AIM OF THE EXERCISE => Print this span of the material below exactly: the line with "dom B. app B", the line with "(dom A, \<lambda>f", and every line between them, but nothing else.
= = =
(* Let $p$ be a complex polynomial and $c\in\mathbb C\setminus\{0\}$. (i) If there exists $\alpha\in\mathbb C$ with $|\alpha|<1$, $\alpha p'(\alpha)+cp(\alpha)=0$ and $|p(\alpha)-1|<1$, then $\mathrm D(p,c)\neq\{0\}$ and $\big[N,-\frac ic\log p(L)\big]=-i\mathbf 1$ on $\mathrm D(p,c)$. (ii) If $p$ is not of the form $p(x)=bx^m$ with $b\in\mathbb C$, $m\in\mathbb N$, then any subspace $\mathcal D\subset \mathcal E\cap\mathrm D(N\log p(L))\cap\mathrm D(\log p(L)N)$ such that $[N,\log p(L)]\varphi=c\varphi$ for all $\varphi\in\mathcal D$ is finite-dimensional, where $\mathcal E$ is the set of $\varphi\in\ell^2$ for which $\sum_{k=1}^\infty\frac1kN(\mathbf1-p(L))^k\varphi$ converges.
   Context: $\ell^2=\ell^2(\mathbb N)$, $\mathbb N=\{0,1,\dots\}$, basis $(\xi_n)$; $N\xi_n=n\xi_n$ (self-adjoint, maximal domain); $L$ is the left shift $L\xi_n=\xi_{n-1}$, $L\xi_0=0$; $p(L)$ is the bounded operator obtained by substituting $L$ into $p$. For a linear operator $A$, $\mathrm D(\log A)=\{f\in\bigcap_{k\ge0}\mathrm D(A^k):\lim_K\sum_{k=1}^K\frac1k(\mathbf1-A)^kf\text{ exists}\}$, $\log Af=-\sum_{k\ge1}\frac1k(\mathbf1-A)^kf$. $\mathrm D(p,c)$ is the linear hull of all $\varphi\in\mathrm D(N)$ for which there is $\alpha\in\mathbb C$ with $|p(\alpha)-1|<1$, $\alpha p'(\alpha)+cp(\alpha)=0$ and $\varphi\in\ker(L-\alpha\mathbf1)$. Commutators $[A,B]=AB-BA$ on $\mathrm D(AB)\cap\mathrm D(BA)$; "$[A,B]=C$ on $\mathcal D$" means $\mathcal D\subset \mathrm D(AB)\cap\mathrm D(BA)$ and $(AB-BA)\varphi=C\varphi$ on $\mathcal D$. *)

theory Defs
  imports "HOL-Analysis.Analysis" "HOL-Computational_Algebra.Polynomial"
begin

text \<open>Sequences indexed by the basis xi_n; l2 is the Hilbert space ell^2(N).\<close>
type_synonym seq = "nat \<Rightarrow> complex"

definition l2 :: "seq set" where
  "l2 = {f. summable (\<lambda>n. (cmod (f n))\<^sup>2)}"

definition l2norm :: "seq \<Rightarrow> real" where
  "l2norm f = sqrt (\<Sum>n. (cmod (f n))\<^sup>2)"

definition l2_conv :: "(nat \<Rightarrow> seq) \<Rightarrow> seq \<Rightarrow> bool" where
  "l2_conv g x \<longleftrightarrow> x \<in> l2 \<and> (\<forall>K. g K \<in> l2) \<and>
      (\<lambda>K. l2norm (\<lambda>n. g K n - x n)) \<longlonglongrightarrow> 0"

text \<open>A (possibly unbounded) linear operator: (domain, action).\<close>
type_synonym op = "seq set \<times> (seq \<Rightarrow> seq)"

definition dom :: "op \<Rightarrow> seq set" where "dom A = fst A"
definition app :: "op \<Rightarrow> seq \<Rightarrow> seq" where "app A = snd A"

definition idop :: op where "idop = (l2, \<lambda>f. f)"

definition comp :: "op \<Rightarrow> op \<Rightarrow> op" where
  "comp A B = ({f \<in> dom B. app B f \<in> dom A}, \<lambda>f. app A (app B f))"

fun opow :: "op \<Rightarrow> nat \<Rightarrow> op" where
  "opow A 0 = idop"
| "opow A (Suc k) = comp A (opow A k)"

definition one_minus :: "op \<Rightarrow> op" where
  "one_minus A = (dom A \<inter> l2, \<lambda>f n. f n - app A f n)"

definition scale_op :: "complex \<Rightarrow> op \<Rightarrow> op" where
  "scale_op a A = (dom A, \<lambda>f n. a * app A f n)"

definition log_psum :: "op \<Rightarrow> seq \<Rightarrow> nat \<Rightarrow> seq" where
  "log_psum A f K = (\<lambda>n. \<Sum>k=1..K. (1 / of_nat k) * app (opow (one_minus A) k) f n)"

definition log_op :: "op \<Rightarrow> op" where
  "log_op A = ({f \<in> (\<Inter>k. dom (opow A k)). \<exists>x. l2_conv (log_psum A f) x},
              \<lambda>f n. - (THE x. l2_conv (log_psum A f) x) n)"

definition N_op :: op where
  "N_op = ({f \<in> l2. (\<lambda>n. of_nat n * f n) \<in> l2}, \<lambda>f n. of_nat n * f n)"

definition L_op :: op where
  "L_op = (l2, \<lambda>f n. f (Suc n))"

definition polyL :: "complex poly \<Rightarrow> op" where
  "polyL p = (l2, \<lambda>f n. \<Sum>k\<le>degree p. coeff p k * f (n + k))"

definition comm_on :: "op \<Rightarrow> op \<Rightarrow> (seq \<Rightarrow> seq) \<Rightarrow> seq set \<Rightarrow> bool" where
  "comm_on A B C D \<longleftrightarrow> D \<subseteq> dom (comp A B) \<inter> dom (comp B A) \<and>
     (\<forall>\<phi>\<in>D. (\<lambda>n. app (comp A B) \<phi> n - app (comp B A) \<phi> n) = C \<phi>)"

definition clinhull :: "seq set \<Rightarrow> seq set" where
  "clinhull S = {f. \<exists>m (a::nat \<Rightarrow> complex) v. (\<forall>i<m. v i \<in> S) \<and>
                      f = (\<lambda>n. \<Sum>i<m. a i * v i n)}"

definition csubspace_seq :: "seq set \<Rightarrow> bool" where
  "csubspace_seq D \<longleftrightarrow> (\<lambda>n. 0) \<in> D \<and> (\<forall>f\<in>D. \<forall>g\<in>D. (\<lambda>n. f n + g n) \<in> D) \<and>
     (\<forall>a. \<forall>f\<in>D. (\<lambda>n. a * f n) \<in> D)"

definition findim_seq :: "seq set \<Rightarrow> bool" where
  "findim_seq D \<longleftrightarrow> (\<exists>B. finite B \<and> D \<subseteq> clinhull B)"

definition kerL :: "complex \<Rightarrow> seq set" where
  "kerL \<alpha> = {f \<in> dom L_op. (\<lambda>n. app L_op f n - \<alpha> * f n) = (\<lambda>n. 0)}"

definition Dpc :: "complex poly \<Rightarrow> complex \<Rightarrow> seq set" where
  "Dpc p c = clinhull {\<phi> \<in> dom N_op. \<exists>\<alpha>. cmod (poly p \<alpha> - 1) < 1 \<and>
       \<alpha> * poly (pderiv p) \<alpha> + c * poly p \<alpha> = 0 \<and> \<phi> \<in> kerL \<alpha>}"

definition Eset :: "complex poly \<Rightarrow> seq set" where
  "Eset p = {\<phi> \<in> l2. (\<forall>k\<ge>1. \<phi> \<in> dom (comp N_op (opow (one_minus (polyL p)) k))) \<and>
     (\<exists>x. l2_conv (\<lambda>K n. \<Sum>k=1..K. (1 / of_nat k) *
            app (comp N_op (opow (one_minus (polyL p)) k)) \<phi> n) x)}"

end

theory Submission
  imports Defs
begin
= = =
RESULT =>
  "comp A B = ({f \<in> dom B. app B f \<in> dom A}, \<lambda>f. app A (app B f))"

fun opow :: "op \<Rightarrow> nat \<Rightarrow> op" where
  "opow A 0 = idop"
| "opow A (Suc k) = comp A (opow A k)"

definition one_minus :: "op \<Rightarrow> op" where
  "one_minus A = (dom A \<inter> l2, \<lambda>f n. f n - app A f n)"

definition scale_op :: "complex \<Rightarrow> op \<Rightarrow> op" where
  "scale_op a A = (dom A, \<lambda>f n. a * app A f n)"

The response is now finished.